The C-terminal extension of exendin-4 provides additional metabolic stability when added to GLP-1, while there is minimal effect of truncating exendin-4 in anaesthetized pigs.

作者信息

Simonsen L, Holst J J, Madsen K, Deacon C F

机构信息

University of Copenhagen, Department of Biomedical Sciences, Panum Institute, Blegdamsvej 3, 2200 Copenhagen N, Denmark.

出版信息

Regul Pept. 2013 Feb 10;181:17-21. doi: 10.1016/j.regpep.2012.12.012. Epub 2013 Jan 11.

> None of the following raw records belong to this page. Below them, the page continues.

(* For any $k\in\mathbb{Z}$ with $|k|\geq1$, any $\lambda\in\mathbb{R}$ and any $w\in D_k$, with $F$ defined as in the context, $$\operatorname{Re}\langle F,w\rangle\gtrsim\|w'\|_{L^2}^2+\Big\langle\Big(\frac{k^2}{r^2}+r^2\Big)w,w\Big\rangle,$$ where the implicit constant is independent of $k,\beta_k,\lambda,w$.
   Context: Functions are complex-valued on $r\in(0,\infty)$; $\langle f,g\rangle=\int_0^\infty f\bar g\,dr$, $\|\cdot\|_{L^2}$ the $L^2(0,\infty)$ norm. $\beta_k\in\mathbb{R}$. $D_k$ is the set of $w\in H^2_{loc}(0,\infty)\cap L^2(0,\infty)$ with $-w''+\big(\frac{k^2-1/4}{r^2}+\frac{r^2}{16}-\frac12\big)w+i\beta_k\frac{w}{r^2}\in L^2(0,\infty)$ (for $|k|\ge1$ equivalently $w'',w/r^2,r^2w\in L^2$); such $w$ satisfy $w(0)=w(\infty)=0$. $F=-\big[w''-\big(\frac{k^2-1/4}{r^2}+\frac{r^2}{16}-\frac12\big)w\big]+i\beta_k\big(\frac1{r^2}-\lambda\big)w$. *)

theory Defs
  imports "HOL-Analysis.Analysis"
begin

definition L2pos :: "(real \<Rightarrow> complex) \<Rightarrow> bool" where
  "L2pos f \<longleftrightarrow> set_borel_measurable lborel {0<..} f \<and>
     set_integrable lborel {0<..} (\<lambda>r. (cmod (f r))\<^sup>2)"

definition ip :: "(real \<Rightarrow> complex) \<Rightarrow> (real \<Rightarrow> complex) \<Rightarrow> complex" where
  "ip f g = (LINT r:{0<..}|lborel. f r * cnj (g r))"

text \<open>w in H^2_loc(0,oo), with classical derivative w1 and weak second derivative w2
  (w1 locally absolutely continuous with locally square integrable derivative w2).\<close>
definition H2loc :: "(real \<Rightarrow> complex) \<Rightarrow> (real \<Rightarrow> complex) \<Rightarrow> (real \<Rightarrow> complex) \<Rightarrow> bool" where
  "H2loc w w1 w2 \<longleftrightarrow>
     (\<forall>r>0. (w has_vector_derivative w1 r) (at r)) \<and>
     (\<forall>a b. 0 < a \<longrightarrow> a \<le> b \<longrightarrow>
        set_integrable lborel {a..b} w2 \<and>
        set_integrable lborel {a..b} (\<lambda>r. (cmod (w2 r))\<^sup>2) \<and>
        w1 b - w1 a = (LINT r:{a..b}|lborel. w2 r))"

definition pot :: "int \<Rightarrow> real \<Rightarrow> real" where
  "pot k r = (of_int k ^ 2 - 1/4) / r\<^sup>2 + r\<^sup>2 / 16 - 1/2"

definition Lop :: "int \<Rightarrow> real \<Rightarrow> (real \<Rightarrow> complex) \<Rightarrow> (real \<Rightarrow> complex) \<Rightarrow> real \<Rightarrow> complex" where
  "Lop k \<beta> w w2 r = - w2 r + complex_of_real (pot k r) * w r
      + \<i> * complex_of_real \<beta> * w r / complex_of_real (r\<^sup>2)"

definition Dk :: "int \<Rightarrow> real \<Rightarrow> (real \<Rightarrow> complex) \<Rightarrow> (real \<Rightarrow> complex) \<Rightarrow> (real \<Rightarrow> complex) \<Rightarrow> bool" where
  "Dk k \<beta> w w1 w2 \<longleftrightarrow> H2loc w w1 w2 \<and> L2pos w \<and> L2pos (Lop k \<beta> w w2)"

definition Fop :: "int \<Rightarrow> real \<Rightarrow> real \<Rightarrow> (real \<Rightarrow> complex) \<Rightarrow> (real \<Rightarrow> complex) \<Rightarrow> real \<Rightarrow> complex" where
  "Fop k \<beta> lam w w2 r = - (w2 r - complex_of_real (pot k r) * w r)
      + \<i> * complex_of_real \<beta> * complex_of_real (1 / r\<^sup>2 - lam) * w r"

end

theory Submission
  imports Defs
begin

text \<open>
  The \<open>\<beta>\<close>-terms of \<open>F\<close> only contribute to the imaginary part, so with \<open>\<rho> = |w|\<^sup>2\<close> and
  \<open>V = pot k\<close> the real part of \<open>\<langle>F, w\<rangle>\<close> is \<open>\<integral> - Re (w'' cnj w) + V \<rho>\<close>. On \<open>[a, b]\<close> we integrate
  by parts and add the exact derivative of \<open>g \<rho>\<close> for a multiplier \<open>g\<close>:
  \<open>\<integral>\<^sub>a\<^sup>b Re (F cnj w) = B(a) - B(b) + \<integral>\<^sub>a\<^sup>b |w'|\<^sup>2 + g \<rho>' + (V + g') \<rho>\<close> with \<open>B = \<rho>'/2 + g \<rho>\<close>.

  For \<open>g = 1/(2r)\<close> the integrand is at least \<open>|w' + w/(2r)|\<^sup>2 + r\<^sup>2 \<rho>/16 - \<rho>/2\<close> (here \<open>k\<^sup>2 \<ge> 1\<close>
  is used), and \<open>B = (r \<rho>)'/(2r)\<close> is small at suitable points near \<open>0\<close> and \<open>\<infinity>\<close> because \<open>\<rho>\<close> is
  integrable. So \<open>|w' + w/(2r)|\<^sup>2 = |(\<surd>r w)'|\<^sup>2 / r\<close> and \<open>r\<^sup>2 \<rho>\<close> are integrable; the former forces
  \<open>\<rho>(r) = o(r)\<close> at \<open>0\<close>. For \<open>g = -3/(4r) + r/8\<close> the integrand dominates
  \<open>(|w'|\<^sup>2 + (k\<^sup>2/r\<^sup>2 + r\<^sup>2) \<rho>) / 32\<close>, and since \<open>\<rho> = o(r)\<close> at \<open>0\<close> and \<open>r \<rho>\<close> is integrable, the
  boundary terms can again be made arbitrarily small at both ends. This gives \<open>C = 1/32\<close>.
\<close>

section \<open>Integrals on intervals of the half-line\<close>

lemma set_integrable_Icc_if_continuous_on_Ioi:
  fixes f :: "real \<Rightarrow> 'a::{banach, second_countable_topology}"
  assumes "continuous_on {0<..} f" "0 < a"
  shows "set_integrable lborel {a..b} f"
  using assms by (intro borel_integrable_atLeastAtMost' continuous_on_subset[OF assms(1)]) auto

DOI:10.1016/j.regpep.2012.12.012
PMID:23318502
Abstract

The most striking sequence difference between glucagon-like peptide-1 (GLP-1)(2) and the longer-acting GLP-1 receptor agonist, exendin-4 (Ex-4),(3) is the nine-amino acid COOH-terminal extension of Ex-4. We investigated the contribution of this extension to the survival time of Ex-4. We assessed the overall metabolism of GLP-1, Ex-4, a COOH-terminally extended GLP-1 peptide (GLP-1+Ex(31-39); GLP-Ex),(4) and a COOH-terminally truncated exendin peptide (Ex(1-30)) in anaesthetized, catheterized pigs, with focus on the extraction across the kidneys and a peripheral tissue (a hindleg, representing muscle, adipose- and connective tissue). Peptide analysis was carried out with assays against the mid-region of the peptides, whereby the role of dipeptidyl peptidase-4 (DPP-4)(5) mediated NH(2)-terminal degradation could be disregarded. The half-life of GLP-1 was significantly increased when the COOH-terminal extension of Ex-4 was added (GLP-1 4.8±3.3min; GLP-Ex 19.5±3.3min). In contrast, there was no effect of truncating Ex-4 (Ex-4 32.4±4.1min; Ex(1-30) 28.4±1.7min). Ex-4 and Ex(1-30) were cleared solely by the kidneys at rates corresponding to the glomerular filtration rate (GFR),(6) while GLP-1 and GLP-Ex were cleared by both the kidneys and peripheral tissues. Both extraction rates were, however, significantly reduced with GLP-Ex compared to GLP-1. The renal clearance rate of GLP-1 greatly exceeded GFR, while GLP-Ex was cleared at a rate resembling GFR. In conclusion, the COOH-terminal extension of Ex-4 contributes minimally to the increased survival time of Ex-4, while addition of this sequence to GLP-1 significantly reduces its clearance.

摘要

胰高血糖素样肽-1(GLP-1)(2) 与长效GLP-1受体激动剂艾塞那肽-4(Ex-4)(3) 之间最显著的序列差异在于Ex-4的九氨基酸羧基末端延伸。我们研究了该延伸对Ex-4存活时间的影响。我们评估了GLP-1、Ex-4、一种羧基末端延伸的GLP-1肽(GLP-1+Ex(31-39);GLP-Ex)(4) 以及一种羧基末端截短的艾塞那肽肽(Ex(1-30))在麻醉的、插有导管的猪体内的整体代谢情况,重点关注其在肾脏和外周组织(一条后肢,代表肌肉、脂肪和结缔组织)中的摄取。采用针对肽段中间区域的检测方法进行肽段分析,由此可忽略二肽基肽酶-4(DPP-4)(5) 介导的氨基末端降解的作用。添加Ex-4的羧基末端延伸后,GLP-1的半衰期显著延长(GLP-1 4.8±3.3分钟;GLP-Ex 19.5±3.3分钟)。相比之下,截短Ex-4没有效果(Ex-4 32.4±4.1分钟;Ex(1-30) 28.4±1.7分钟)。Ex-4和Ex(1-30) 仅通过肾脏以与肾小球滤过率(GFR)(6) 相应的速率清除,而GLP-1和GLP-Ex则通过肾脏和外周组织清除。然而,与GLP-1相比,GLP-Ex的两种摄取速率均显著降低。GLP-1的肾脏清除率大大超过GFR,而GLP-Ex的清除速率与GFR相似。总之,Ex-4的羧基末端延伸对Ex-4存活时间延长的贡献极小,而将该序列添加到GLP-1中可显著降低其清除率。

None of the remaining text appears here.